Records contained in a dataset:
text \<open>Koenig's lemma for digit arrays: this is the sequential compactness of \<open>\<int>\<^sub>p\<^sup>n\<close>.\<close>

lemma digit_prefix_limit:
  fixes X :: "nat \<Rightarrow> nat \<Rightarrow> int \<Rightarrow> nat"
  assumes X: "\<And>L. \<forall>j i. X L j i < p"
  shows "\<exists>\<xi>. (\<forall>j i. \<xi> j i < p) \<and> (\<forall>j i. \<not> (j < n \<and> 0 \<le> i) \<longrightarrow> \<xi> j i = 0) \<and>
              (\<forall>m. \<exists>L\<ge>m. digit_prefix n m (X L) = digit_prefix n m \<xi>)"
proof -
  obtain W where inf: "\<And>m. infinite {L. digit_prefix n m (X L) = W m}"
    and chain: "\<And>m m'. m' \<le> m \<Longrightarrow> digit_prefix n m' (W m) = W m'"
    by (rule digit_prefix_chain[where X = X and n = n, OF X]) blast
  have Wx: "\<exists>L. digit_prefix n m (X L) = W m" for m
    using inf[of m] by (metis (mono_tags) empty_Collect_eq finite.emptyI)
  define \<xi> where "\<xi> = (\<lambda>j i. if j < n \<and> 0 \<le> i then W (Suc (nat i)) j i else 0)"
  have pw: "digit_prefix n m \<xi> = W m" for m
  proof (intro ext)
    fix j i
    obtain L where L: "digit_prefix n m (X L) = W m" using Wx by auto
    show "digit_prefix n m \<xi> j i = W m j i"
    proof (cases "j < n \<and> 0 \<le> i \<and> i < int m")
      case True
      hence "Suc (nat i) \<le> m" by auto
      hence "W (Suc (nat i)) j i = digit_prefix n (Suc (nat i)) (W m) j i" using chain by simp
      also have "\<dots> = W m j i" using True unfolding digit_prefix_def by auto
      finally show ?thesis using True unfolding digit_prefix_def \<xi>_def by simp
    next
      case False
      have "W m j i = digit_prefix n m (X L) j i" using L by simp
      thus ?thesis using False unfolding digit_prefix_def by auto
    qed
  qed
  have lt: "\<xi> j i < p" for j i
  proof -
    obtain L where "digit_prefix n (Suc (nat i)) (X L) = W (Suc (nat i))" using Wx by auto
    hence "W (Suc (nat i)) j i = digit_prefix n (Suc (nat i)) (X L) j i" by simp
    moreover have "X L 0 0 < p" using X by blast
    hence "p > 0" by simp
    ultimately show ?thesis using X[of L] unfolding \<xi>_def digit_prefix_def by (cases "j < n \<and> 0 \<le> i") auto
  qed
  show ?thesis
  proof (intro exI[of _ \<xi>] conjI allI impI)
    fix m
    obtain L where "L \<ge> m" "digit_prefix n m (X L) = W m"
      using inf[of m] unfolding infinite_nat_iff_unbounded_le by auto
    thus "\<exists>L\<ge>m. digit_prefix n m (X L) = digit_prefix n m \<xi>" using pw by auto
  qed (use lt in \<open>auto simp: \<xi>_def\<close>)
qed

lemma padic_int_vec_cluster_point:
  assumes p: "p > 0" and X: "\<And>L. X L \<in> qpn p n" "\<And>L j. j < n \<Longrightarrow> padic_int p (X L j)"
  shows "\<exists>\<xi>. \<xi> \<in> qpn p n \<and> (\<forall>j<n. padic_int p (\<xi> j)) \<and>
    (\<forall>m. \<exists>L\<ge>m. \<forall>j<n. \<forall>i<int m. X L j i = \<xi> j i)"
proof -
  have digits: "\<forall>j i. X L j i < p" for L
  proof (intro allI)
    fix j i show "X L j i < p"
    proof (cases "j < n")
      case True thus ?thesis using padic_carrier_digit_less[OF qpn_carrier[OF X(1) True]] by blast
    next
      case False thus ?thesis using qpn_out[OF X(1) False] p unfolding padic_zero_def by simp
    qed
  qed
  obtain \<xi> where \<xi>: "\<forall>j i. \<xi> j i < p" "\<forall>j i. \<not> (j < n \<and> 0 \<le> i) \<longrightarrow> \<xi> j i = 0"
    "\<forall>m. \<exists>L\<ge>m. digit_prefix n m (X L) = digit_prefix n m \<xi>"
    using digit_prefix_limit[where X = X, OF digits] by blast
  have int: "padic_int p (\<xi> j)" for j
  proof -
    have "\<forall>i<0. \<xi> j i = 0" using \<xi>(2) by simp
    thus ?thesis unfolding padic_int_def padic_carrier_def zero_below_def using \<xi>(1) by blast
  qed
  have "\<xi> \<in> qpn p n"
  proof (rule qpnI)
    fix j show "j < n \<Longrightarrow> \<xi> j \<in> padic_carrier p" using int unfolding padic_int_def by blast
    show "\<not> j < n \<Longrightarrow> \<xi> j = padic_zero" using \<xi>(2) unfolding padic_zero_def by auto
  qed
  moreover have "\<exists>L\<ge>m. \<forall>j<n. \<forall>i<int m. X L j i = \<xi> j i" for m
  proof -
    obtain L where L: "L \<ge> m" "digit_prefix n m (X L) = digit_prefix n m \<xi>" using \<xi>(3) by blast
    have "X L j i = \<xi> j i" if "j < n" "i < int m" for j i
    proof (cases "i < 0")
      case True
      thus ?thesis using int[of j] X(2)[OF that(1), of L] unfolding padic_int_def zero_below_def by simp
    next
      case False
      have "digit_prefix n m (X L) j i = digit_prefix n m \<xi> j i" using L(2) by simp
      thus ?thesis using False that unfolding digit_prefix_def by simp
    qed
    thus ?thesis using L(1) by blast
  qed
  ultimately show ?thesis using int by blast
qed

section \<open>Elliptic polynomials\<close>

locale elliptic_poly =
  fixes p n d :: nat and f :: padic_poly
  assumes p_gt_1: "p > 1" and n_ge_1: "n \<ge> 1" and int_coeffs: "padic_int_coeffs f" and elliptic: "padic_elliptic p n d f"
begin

What is needed => Count up the lines in the preceding data that include the word "intro"; respond with the number only.

Exercise output => 3